▶ What to do:
Return the data below exactly, but only from the line containing "using assms by (subst" through the line containing "proof (rule sum_strict_mono_ex1)", with both of those lines included.

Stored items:
++++++
(* Let $a,b\ge1$, $n=a+b+1$, $f=a+1$, and let $G$ be the $n\times n$ symmetric matrix with $G_{ii}=2$ for $i\neq f$, $G_{ff}=0$, $G_{i,i+1}=G_{i+1,i}=-1$ for $1\le i<n$, and all other entries $0$. With $m^S$ defined from $G$, $f$, $r',r''$ by $m^S_{ij}=r'G_{ij}$ for $i,j\le f$, $(i,j)\ne(f,f)$; $m^S_{ij}=r''G_{ij}$ for $i,j\ge f$, $(i,j)\neq(f,f)$; $m^S_{ij}=0$ if $i<f<j$ or $j<f<i$; $m^S_{ff}=1$: the matrix $m^S$ is positive definite with all diagonal entries $\le1$ if and only if $$0<r'\le\tfrac12,\qquad 0<r''\le\tfrac12,\qquad \tfrac{a}{a+1}r'+\tfrac{b}{b+1}r''<1.$$
   Context: This is the standard-chamber Gram matrix for the Lie superalgebra $A(a,b)$ rescaled by $r'$ on the bosonic part of type $A_a$ and by $r''$ on the bosonic part of type $A_b$, with fermionic simple root $\alpha_f$ of squared length $1$. *)

theory Defs
  imports Complex_Main
begin

text \<open>Matrices of size n are represented as functions nat => nat => real,
  with indices ranging over {1..n}.\<close>

definition gramA :: "nat \<Rightarrow> nat \<Rightarrow> nat \<Rightarrow> nat \<Rightarrow> real" where
  "gramA a b i j =
     (let f = a + 1 in
      if i = j then (if i = f then 0 else 2)
      else if i + 1 = j \<or> j + 1 = i then -1
      else 0)"

definition mS :: "nat \<Rightarrow> nat \<Rightarrow> real \<Rightarrow> real \<Rightarrow> nat \<Rightarrow> nat \<Rightarrow> real" where
  "mS a b r' r'' i j =
     (let f = a + 1 in
      if i = f \<and> j = f then 1
      else if i \<le> f \<and> j \<le> f then r' * gramA a b i j
      else if f \<le> i \<and> f \<le> j then r'' * gramA a b i j
      else 0)"

definition pos_def :: "nat \<Rightarrow> (nat \<Rightarrow> nat \<Rightarrow> real) \<Rightarrow> bool" where
  "pos_def n M \<longleftrightarrow>
     (\<forall>i\<in>{1..n}. \<forall>j\<in>{1..n}. M i j = M j i) \<and>
     (\<forall>x :: nat \<Rightarrow> real. (\<exists>i\<in>{1..n}. x i \<noteq> 0) \<longrightarrow>
        (\<Sum>i=1..n. \<Sum>j=1..n. x i * M i j * x j) > 0)"

end

theory Submission
  imports Defs
begin

text \<open>The quadratic form of \<open>m\<^sup>S\<close> splits along the fermionic node \<open>f\<close>:
  \<open>Q(x) = r'\<cdot>C\<^sub>a(L) + x\<^sub>f\<^sup>2 + r''\<cdot>C\<^sub>b(R)\<close>, where \<open>L\<close> and \<open>R\<close> are the two arms of the
  Dynkin chain read outwards from \<open>f\<close> and \<open>C\<^sub>k\<close> is the \<open>A\<^sub>k\<close> form of an arm together with
  its coupling to \<open>x\<^sub>f\<close>. Completing squares along an arm gives
  \<open>C\<^sub>k \<ge> -k/(k+1)\<cdot>x\<^sub>f\<^sup>2\<close>, with equality exactly for the linear profile that decays from
  \<open>x\<^sub>f\<close> to \<open>0\<close>. Hence \<open>Q(x) \<ge> (1 - a/(a+1)\<cdot>r' - b/(b+1)\<cdot>r'')\<cdot>x\<^sub>f\<^sup>2\<close> with
  equality on the two linear profiles, which yields the weighted condition; positivity
  of \<open>r'\<close>, \<open>r''\<close> and the bound \<open>1/2\<close> come from the diagonal entries \<open>2r'\<close>, \<open>2r''\<close>.\<close>

(* y 0 is the value at the fermionic node, y 1, ..., y k the arm read outwards from it. *)
definition chain_form :: "(nat \<Rightarrow> real) \<Rightarrow> nat \<Rightarrow> real" where
  "chain_form y k = (\<Sum>i<k. 2 * (y (Suc i))\<^sup>2 - 2 * y i * y (Suc i))"

lemma chain_form_Suc:
  "chain_form y (Suc k) = 2 * (y 1)\<^sup>2 - 2 * y 0 * y 1 + chain_form (\<lambda>i. y (Suc i)) k"
  unfolding chain_form_def by (subst sum.lessThan_Suc_shift) simp

lemma chain_form_complete_square:
  "chain_form y (Suc k) + real (Suc k) / (real (Suc k) + 1) * (y 0)\<^sup>2
   = (chain_form (\<lambda>i. y (Suc i)) k + real k / (real k + 1) * (y 1)\<^sup>2)
     + ((real k + 2) * y 1 - (real k + 1) * y 0)\<^sup>2 / ((real k + 1) * (real k + 2))"
proof -
  have "2 * t\<^sup>2 - 2 * t * s + (real k + 1) / (real k + 2) * s\<^sup>2 - real k / (real k + 1) * t\<^sup>2
    = ((real k + 2) * t - (real k + 1) * s)\<^sup>2 / ((real k + 1) * (real k + 2))" for t s :: real
    by (simp add: field_simps power2_eq_square)
  from this[of "y 1" "y 0"] show ?thesis
    unfolding chain_form_Suc by (simp add: algebra_simps)
qed

lemma chain_form_lower_bound: "0 \<le> chain_form y k + real k / (real k + 1) * (y 0)\<^sup>2"
proof (induction k arbitrary: y)
  case 0
  then show ?case by (simp add: chain_form_def)
next
  case (Suc k)
  then show ?case
    using chain_form_complete_square[of y k] Suc.IH[of "\<lambda>i. y (Suc i)"] by simp
qed

lemma chain_form_lower_bound_eq_iff:
  "chain_form y k + real k / (real k + 1) * (y 0)\<^sup>2 = 0
   \<longleftrightarrow> (\<forall>i\<le>k. y i = (real k + 1 - real i) / (real k + 1) * y 0)"
proof (induction k arbitrary: y)
  case 0
  then show ?case by (simp add: chain_form_def)
next
  case (Suc k)
  let ?z = "\<lambda>i. y (Suc i)"
  let ?sq = "((real k + 2) * y 1 - (real k + 1) * y 0)\<^sup>2 / ((real k + 1) * (real k + 2))"
  have "chain_form y (Suc k) + real (Suc k) / (real (Suc k) + 1) * (y 0)\<^sup>2 = 0
      \<longleftrightarrow> chain_form ?z k + real k / (real k + 1) * (?z 0)\<^sup>2 = 0 \<and> ?sq = 0"
    using chain_form_complete_square[of y k] chain_form_lower_bound[of ?z k]
    by (simp add: add_nonneg_eq_0_iff)
  also have "?sq = 0 \<longleftrightarrow> y 1 = (real k + 1) / (real k + 2) * y 0"
    by (simp add: field_simps add_nonneg_eq_0_iff)
  also have "chain_form ?z k + real k / (real k + 1) * (?z 0)\<^sup>2 = 0
      \<longleftrightarrow> (\<forall>i\<le>k. y (Suc i) = (real k + 1 - real i) / (real k + 1) * y 1)"
    using Suc.IH by simp
  also have "\<dots> \<and> y 1 = (real k + 1) / (real k + 2) * y 0
      \<longleftrightarrow> (\<forall>i\<le>Suc k. y i = (real (Suc k) + 1 - real i) / (real (Suc k) + 1) * y 0)"
    (is "?prev \<and> ?y1 \<longleftrightarrow> (\<forall>i\<le>Suc k. ?Q i)")
  proof -
    have shift: "(real k + 1 - real i) / (real k + 1) * ((real k + 1) / (real k + 2) * y 0)
        = (real (Suc k) + 1 - real (Suc i)) / (real (Suc k) + 1) * y 0" for i
    proof -
      have "real k + 1 \<noteq> 0" by linarith
      then show ?thesis by (simp add: add.commute)
    qed
    have y1: "?y1 \<longleftrightarrow> ?Q 1"
      by (simp add: add.commute)
    have split: "(\<forall>i\<le>Suc k. ?Q i) \<longleftrightarrow> ?Q 0 \<and> (\<forall>i\<le>k. ?Q (Suc i))"
      using All_less_Suc2[of "Suc k" ?Q] by (simp only: less_Suc_eq_le)
    have "?prev \<longleftrightarrow> (\<forall>i\<le>k. ?Q (Suc i))" if ?y1
      using that by (simp only: shift)
    moreover have "?y1" if "\<forall>i\<le>k. ?Q (Suc i)"
      using that[rule_format, of 0] y1 by simp
    moreover have "?Q 0" by simp
    ultimately show ?thesis
      unfolding split by blast
  qed
  finally show ?case .
qed

definition quad_form :: "nat \<Rightarrow> (nat \<Rightarrow> nat \<Rightarrow> real) \<Rightarrow> (nat \<Rightarrow> real) \<Rightarrow> real" where
  "quad_form n M x = (\<Sum>i=1..n. \<Sum>j=1..n. x i * M i j * x j)"

lemma quad_form_Suc:
  "quad_form (Suc n) M x = quad_form n M x
     + (\<Sum>j=1..n. (M (Suc n) j + M j (Suc n)) * x j * x (Suc n)) + M (Suc n) (Suc n) * (x (Suc n))\<^sup>2"
  unfolding quad_form_def
  by (simp add: sum.distrib sum_distrib_left sum_distrib_right algebra_simps power2_eq_square)

lemma quad_form_tridiagonal:
  assumes "\<And>i j. Suc i < j \<Longrightarrow> M i j = 0" and "\<And>i j. Suc j < i \<Longrightarrow> M i j = 0"
  shows "quad_form n M x = (\<Sum>i=1..n. M i i * (x i)\<^sup>2)
     + (\<Sum>i=1..<n. (M i (Suc i) + M (Suc i) i) * x i * x (Suc i))"
proof (induction n)
  case 0
  then show ?case by (simp add: quad_form_def)
next
  case (Suc n)
  have "(\<Sum>j=1..n. (M (Suc n) j + M j (Suc n)) * x j * x (Suc n))
      = (\<Sum>j=1..n. if j = n then (M n (Suc n) + M (Suc n) n) * x n * x (Suc n) else 0)"
    by (rule sum.cong) (auto simp: assms)
  then show ?case
    using Suc.IH by (cases n) (simp_all add: quad_form_Suc)
qed

lemma quad_form_unit_vector:
  assumes "p \<in> {1..n}"
  shows "quad_form n M (\<lambda>i. if i = p then 1 else 0) = M p p"
proof -
  have "(\<Sum>j=1..n. (if i = p then 1 else 0) * M i j * (if j = p then 1 else 0))
      = (if i = p then M p p else 0)" for i
    using assms by (simp add: if_distrib cong: if_cong)
  then show ?thesis
    using assms by (simp add: quad_form_def)
qed

lemma mS_diag: "mS a b r' r'' i i = (if i \<le> a then 2 * r' else if i = a + 1 then 1 else 2 * r'')"
  unfolding mS_def gramA_def Let_def by auto

lemma mS_superdiag: "mS a b r' r'' i (Suc i) = (if i \<le> a then - r' else - r'')"
  unfolding mS_def gramA_def Let_def by auto

lemma mS_sym: "mS a b r' r'' i j = mS a b r' r'' j i"
  unfolding mS_def gramA_def Let_def by auto

lemma mS_tridiagonal: "Suc i < j \<or> Suc j < i \<Longrightarrow> mS a b r' r'' i j = 0"
  unfolding mS_def gramA_def Let_def by auto

lemma chain_form_shift:
  "chain_form (\<lambda>i. x (m + i)) k = (\<Sum>i=m..<m+k. 2 * (x (Suc i))\<^sup>2 - 2 * x i * x (Suc i))"
  unfolding chain_form_def
  using sum.shift_bounds_nat_ivl[of "\<lambda>i. 2 * (x (Suc i))\<^sup>2 - 2 * x i * x (Suc i)" 0 m k]
  by (simp add: atLeast0LessThan add.commute)

lemma chain_form_reverse:
  "chain_form (\<lambda>i. x (Suc m - i)) m = (\<Sum>i=1..m. 2 * (x i)\<^sup>2 - 2 * x i * x (Suc i))"
proof -
  let ?g = "\<lambda>j. 2 * (x (Suc j))\<^sup>2 - 2 * x (Suc j) * x (Suc (Suc j))"
  have "chain_form (\<lambda>i. x (Suc m - i)) m = (\<Sum>i<m. ?g (m - Suc i))"
    unfolding chain_form_def by (rule sum.cong) (simp_all add: Suc_diff_Suc Suc_diff_le mult.commute)
  also have "\<dots> = (\<Sum>i<m. ?g i)"
    by (rule sum.nat_diff_reindex)
  also have "\<dots> = (\<Sum>i=1..m. 2 * (x i)\<^sup>2 - 2 * x i * x (Suc i))"
    using sum.atLeast1_atMost_eq[of "\<lambda>i. 2 * (x i)\<^sup>2 - 2 * x i * x (Suc i)" m] by simp
  finally show ?thesis .
qed

lemma sum_atLeastAtMost_split_around:
  fixes a b :: nat
  shows "(\<Sum>i=1..a + b + 1. g i) = (\<Sum>i=1..a. g i) + g (a + 1) + (\<Sum>i=a + 1..<a + 1 + b. g (Suc i))"
  by (induction b) (simp_all add: add.assoc)

lemma sum_atLeastLessThan_split:
  fixes a b :: nat
  shows "(\<Sum>i=1..<a + b + 1. g i) = (\<Sum>i=1..a. g i) + (\<Sum>i=a + 1..<a + 1 + b. g i)"
  using sum.atLeastLessThan_concat[of 1 "a + 1" "a + b + 1" g]
  by (simp add: atLeastLessThanSuc_atLeastAtMost add.commute)

lemma quad_form_mS:
  "quad_form (a + b + 1) (mS a b r' r'') x
   = r' * chain_form (\<lambda>i. x (Suc a - i)) a + (x (a + 1))\<^sup>2 + r'' * chain_form (\<lambda>i. x (a + 1 + i)) b"
proof -
  let ?M = "mS a b r' r''"
  have "quad_form (a + b + 1) ?M x = (\<Sum>i=1..a + b + 1. ?M i i * (x i)\<^sup>2)
      + (\<Sum>i=1..<a + b + 1. (?M i (Suc i) + ?M (Suc i) i) * x i * x (Suc i))"
    by (rule quad_form_tridiagonal) (simp_all add: mS_tridiagonal)
  also have "(\<Sum>i=1..a + b + 1. ?M i i * (x i)\<^sup>2)
      = (\<Sum>i=1..a. 2 * r' * (x i)\<^sup>2) + (x (a + 1))\<^sup>2 + (\<Sum>i=a + 1..<a + 1 + b. 2 * r'' * (x (Suc i))\<^sup>2)"
    unfolding sum_atLeastAtMost_split_around by (simp add: mS_diag)
  also have "(\<Sum>i=1..<a + b + 1. (?M i (Suc i) + ?M (Suc i) i) * x i * x (Suc i))
      = (\<Sum>i=1..a. - 2 * r' * x i * x (Suc i)) + (\<Sum>i=a + 1..<a + 1 + b. - 2 * r'' * x i * x (Suc i))"
    unfolding sum_atLeastLessThan_split
    by (intro arg_cong2[where f = "(+)"] sum.cong) (auto simp: mS_superdiag mS_sym[of a b r' r'' "Suc i" i for i])
  finally show ?thesis
    unfolding chain_form_reverse chain_form_shift
    by (simp add: sum_distrib_left sum_subtractf sum_negf algebra_simps del: sum.cl_ivl_Suc sum.op_ivl_Suc)
qed

lemma pos_def_iff_quad_form:
  "pos_def n M \<longleftrightarrow> (\<forall>i\<in>{1..n}. \<forall>j\<in>{1..n}. M i j = M j i) \<and>
     (\<forall>x. (\<exists>i\<in>{1..n}. x i \<noteq> 0) \<longrightarrow> 0 < quad_form n M x)"
  unfolding pos_def_def quad_form_def ..

lemma pos_def_diag_pos:
  assumes "pos_def n M" and "p \<in> {1..n}"
  shows "0 < M p p"
proof -
  have "0 < quad_form n M (\<lambda>i. if i = p then 1 else 0)"
    using assms unfolding pos_def_iff_quad_form by force
  then show ?thesis
    using quad_form_unit_vector[OF assms(2)] by simp
qed

lemma chain_form_linear_profile:
  assumes "\<forall>i\<le>k. y i = (real k + 1 - real i) / (real k + 1)"
  shows "chain_form y k = - (real k / (real k + 1))"
proof -
  have "chain_form y k + real k / (real k + 1) * (y 0)\<^sup>2 = 0"
    using assms by (subst chain_form_lower_bound_eq_iff) simp
  moreover have "y 0 = 1"
    using assms by simp
  ultimately show ?thesis by simp
qed

lemma mS_diag_le_one_iff:
  assumes "1 \<le> a" and "1 \<le> b"
  shows "(\<forall>i\<in>{1..a + b + 1}. mS a b r' r'' i i \<le> 1) \<longleftrightarrow> r' \<le> 1/2 \<and> r'' \<le> 1/2"
proof
  assume "\<forall>i\<in>{1..a + b + 1}. mS a b r' r'' i i \<le> 1"
  then have "mS a b r' r'' 1 1 \<le> 1" and "mS a b r' r'' (a + b + 1) (a + b + 1) \<le> 1"
    by auto
  then show "r' \<le> 1/2 \<and> r'' \<le> 1/2"
    using assms by (simp add: mS_diag)
next
  assume "r' \<le> 1/2 \<and> r'' \<le> 1/2"
  then show "\<forall>i\<in>{1..a + b + 1}. mS a b r' r'' i i \<le> 1"
    by (simp add: mS_diag)
qed
lemma entmax_one: "entmax 1 z = (\<lambda>i. exp (z i) / (\<Sum>j\<in>UNIV. exp (z j)))"
proof -
  define Z where "Z = (\<Sum>j\<in>UNIV. exp (z j))"
  define p where "p i = exp (z i) / Z" for i
  have Z: "Z > 0" unfolding Z_def by (intro sum_pos) auto
  have p: "p i > 0" for i using Z by (simp add: p_def)
  have z: "z i = ln (p i) + ln Z" for i using Z by (simp add: p_def ln_div)
  have sum_p: "(\<Sum>i\<in>UNIV. p i) = 1"
    using Z by (simp add: p_def Z_def flip: sum_divide_distrib)
  have obj: "entmax_objective 1 z q = ln Z + (\<Sum>i\<in>UNIV. q i * ln (p i) - q i * ln (q i))"
    if "(\<Sum>i\<in>UNIV. q i) = 1" for q
    using that by (simp add: entmax_objective_def tsallis_def z algebra_simps sum.distrib
        sum_subtractf flip: sum_distrib_left)
  have "entmax 1 z = p"
  proof (rule entmax_eqI)
    show p_simplex: "p \<in> prob_simplex"
      using p sum_p by (auto simp: prob_simplex_def less_imp_le)
    fix q assume q: "q \<in> prob_simplex" "q \<noteq> p"
    then obtain k where k: "q k \<noteq> p k" by auto
    have q0: "q i \<ge> 0" for i using q by (simp add: prob_simplex_def)
    have "(\<Sum>i\<in>UNIV. q i * ln (p i) - q i * ln (q i)) < (\<Sum>i\<in>UNIV. p i - q i)"
    proof (rule sum_strict_mono_ex1)
      show "\<forall>i\<in>UNIV. q i * ln (p i) - q i * ln (q i) \<le> p i - q i"
        using mult_ln_ratio_le(1)[OF q0 p] by blast
      show "\<exists>i\<in>UNIV. q i * ln (p i) - q i * ln (q i) < p i - q i"
        using mult_ln_ratio_le(2)[OF q0 p k] by blast
    qed simp
    also have "\<dots> = (\<Sum>i\<in>UNIV. p i * ln (p i) - p i * ln (p i))"
      using q sum_p by (simp add: prob_simplex_def sum_subtractf)
    finally show "entmax_objective 1 z q < entmax_objective 1 z p"
      using q p_simplex by (simp add: obj prob_simplex_def)
  qed
  then show ?thesis by (simp add: fun_eq_iff p_def Z_def)
qed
++++++
▶ Answer to this problem:
    using assms by (subst chain_form_lower_bound_eq_iff) simp
  moreover have "y 0 = 1"
    using assms by simp
  ultimately show ?thesis by simp
qed

lemma mS_diag_le_one_iff:
  assumes "1 \<le> a" and "1 \<le> b"
  shows "(\<forall>i\<in>{1..a + b + 1}. mS a b r' r'' i i \<le> 1) \<longleftrightarrow> r' \<le> 1/2 \<and> r'' \<le> 1/2"
proof
  assume "\<forall>i\<in>{1..a + b + 1}. mS a b r' r'' i i \<le> 1"
  then have "mS a b r' r'' 1 1 \<le> 1" and "mS a b r' r'' (a + b + 1) (a + b + 1) \<le> 1"
    by auto
  then show "r' \<le> 1/2 \<and> r'' \<le> 1/2"
    using assms by (simp add: mS_diag)
next
  assume "r' \<le> 1/2 \<and> r'' \<le> 1/2"
  then show "\<forall>i\<in>{1..a + b + 1}. mS a b r' r'' i i \<le> 1"
    by (simp add: mS_diag)
qed
lemma entmax_one: "entmax 1 z = (\<lambda>i. exp (z i) / (\<Sum>j\<in>UNIV. exp (z j)))"
proof -
  define Z where "Z = (\<Sum>j\<in>UNIV. exp (z j))"
  define p where "p i = exp (z i) / Z" for i
  have Z: "Z > 0" unfolding Z_def by (intro sum_pos) auto
  have p: "p i > 0" for i using Z by (simp add: p_def)
  have z: "z i = ln (p i) + ln Z" for i using Z by (simp add: p_def ln_div)
  have sum_p: "(\<Sum>i\<in>UNIV. p i) = 1"
    using Z by (simp add: p_def Z_def flip: sum_divide_distrib)
  have obj: "entmax_objective 1 z q = ln Z + (\<Sum>i\<in>UNIV. q i * ln (p i) - q i * ln (q i))"
    if "(\<Sum>i\<in>UNIV. q i) = 1" for q
    using that by (simp add: entmax_objective_def tsallis_def z algebra_simps sum.distrib
        sum_subtractf flip: sum_distrib_left)
  have "entmax 1 z = p"
  proof (rule entmax_eqI)
    show p_simplex: "p \<in> prob_simplex"
      using p sum_p by (auto simp: prob_simplex_def less_imp_le)
    fix q assume q: "q \<in> prob_simplex" "q \<noteq> p"
    then obtain k where k: "q k \<noteq> p k" by auto
    have q0: "q i \<ge> 0" for i using q by (simp add: prob_simplex_def)
    have "(\<Sum>i\<in>UNIV. q i * ln (p i) - q i * ln (q i)) < (\<Sum>i\<in>UNIV. p i - q i)"
    proof (rule sum_strict_mono_ex1)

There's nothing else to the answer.